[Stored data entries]
========================================

(* Let $p\in\mathbb{N}^+$, $s\ge1$, $\varepsilon\in(0,1]$, $T>0$, and let $\psi\in L^\infty([0,T];H^{s+1}(\Omega))$ be the solution of the relativistic NLSE $$i\partial_t\psi+\langle\nabla\rangle\psi+\varepsilon^p\langle\nabla\rangle^{-1}f\big(\tfrac12(\psi+\bar\psi)\big)=0,\quad x\in\Omega,$$ with periodic boundary conditions, and write $\psi(t)=\mathcal{S}_{e,t}(\psi(0))$ for its exact flow. Then for $0<\tau\le1/\varepsilon^p$ and any $t_n\ge0$ with $t_n+\tau\le T$, $$\|\mathcal{S}_\tau(\psi(t_n))-\mathcal{S}_{e,\tau}(\psi(t_n))\|_s\le M_0\varepsilon^p\tau^3,$$ where $M_0$ depends only on $\|\psi\|_{L^\infty([0,T];H^{s+1})}$ (and $s,p,\Omega$), not on $\varepsilon$, $\tau$ or $n$.
   Context: $\Omega=(a,b)$, $\mu_l=2\pi l/(b-a)$; $\|z\|_s^2=\sum_{l\in\mathbb{Z}}(1+\mu_l^2)^s|\hat z_l|^2$ for $z=\sum_l\hat z_le^{i\mu_l(x-a)}$. $\langle\nabla\rangle$ is the Fourier multiplier by $\sqrt{1+\mu_l^2}$, $\langle\nabla\rangle^{-1}$ its inverse. $f(z)=z^{p+1}$, $G(\phi)=f(\frac12(\phi+\bar\phi))$, $F(\phi)=i\langle\nabla\rangle^{-1}G(\phi)$. Flows: $\varphi^t_T(\psi_0)=e^{it\langle\nabla\rangle}\psi_0$, $\varphi^t_V(\psi_0)=\psi_0+\varepsilon^ptF(\psi_0)$. Strang splitting: $\mathcal{S}_\tau=\varphi_T^{\tau/2}\circ\varphi_V^\tau\circ\varphi_T^{\tau/2}$. *)

theory Defs
  imports "HOL-Analysis.Analysis"
begin

text \<open>Functions on the periodic interval (a,b) are represented by their Fourier
  coefficient sequences: z = sum_l zhat l * exp(i mu_l (x - a)).\<close>

type_synonym coeffs = "int \<Rightarrow> complex"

========================================

» **PROBLEM STATEMENT**
An exact, complete copy of the data is the only acceptable answer.

» **SOLUTION FOR THIS EXERCISE**
(* Let $p\in\mathbb{N}^+$, $s\ge1$, $\varepsilon\in(0,1]$, $T>0$, and let $\psi\in L^\infty([0,T];H^{s+1}(\Omega))$ be the solution of the relativistic NLSE $$i\partial_t\psi+\langle\nabla\rangle\psi+\varepsilon^p\langle\nabla\rangle^{-1}f\big(\tfrac12(\psi+\bar\psi)\big)=0,\quad x\in\Omega,$$ with periodic boundary conditions, and write $\psi(t)=\mathcal{S}_{e,t}(\psi(0))$ for its exact flow. Then for $0<\tau\le1/\varepsilon^p$ and any $t_n\ge0$ with $t_n+\tau\le T$, $$\|\mathcal{S}_\tau(\psi(t_n))-\mathcal{S}_{e,\tau}(\psi(t_n))\|_s\le M_0\varepsilon^p\tau^3,$$ where $M_0$ depends only on $\|\psi\|_{L^\infty([0,T];H^{s+1})}$ (and $s,p,\Omega$), not on $\varepsilon$, $\tau$ or $n$.
   Context: $\Omega=(a,b)$, $\mu_l=2\pi l/(b-a)$; $\|z\|_s^2=\sum_{l\in\mathbb{Z}}(1+\mu_l^2)^s|\hat z_l|^2$ for $z=\sum_l\hat z_le^{i\mu_l(x-a)}$. $\langle\nabla\rangle$ is the Fourier multiplier by $\sqrt{1+\mu_l^2}$, $\langle\nabla\rangle^{-1}$ its inverse. $f(z)=z^{p+1}$, $G(\phi)=f(\frac12(\phi+\bar\phi))$, $F(\phi)=i\langle\nabla\rangle^{-1}G(\phi)$. Flows: $\varphi^t_T(\psi_0)=e^{it\langle\nabla\rangle}\psi_0$, $\varphi^t_V(\psi_0)=\psi_0+\varepsilon^ptF(\psi_0)$. Strang splitting: $\mathcal{S}_\tau=\varphi_T^{\tau/2}\circ\varphi_V^\tau\circ\varphi_T^{\tau/2}$. *)

theory Defs
  imports "HOL-Analysis.Analysis"
begin

text \<open>Functions on the periodic interval (a,b) are represented by their Fourier
  coefficient sequences: z = sum_l zhat l * exp(i mu_l (x - a)).\<close>

type_synonym coeffs = "int \<Rightarrow> complex"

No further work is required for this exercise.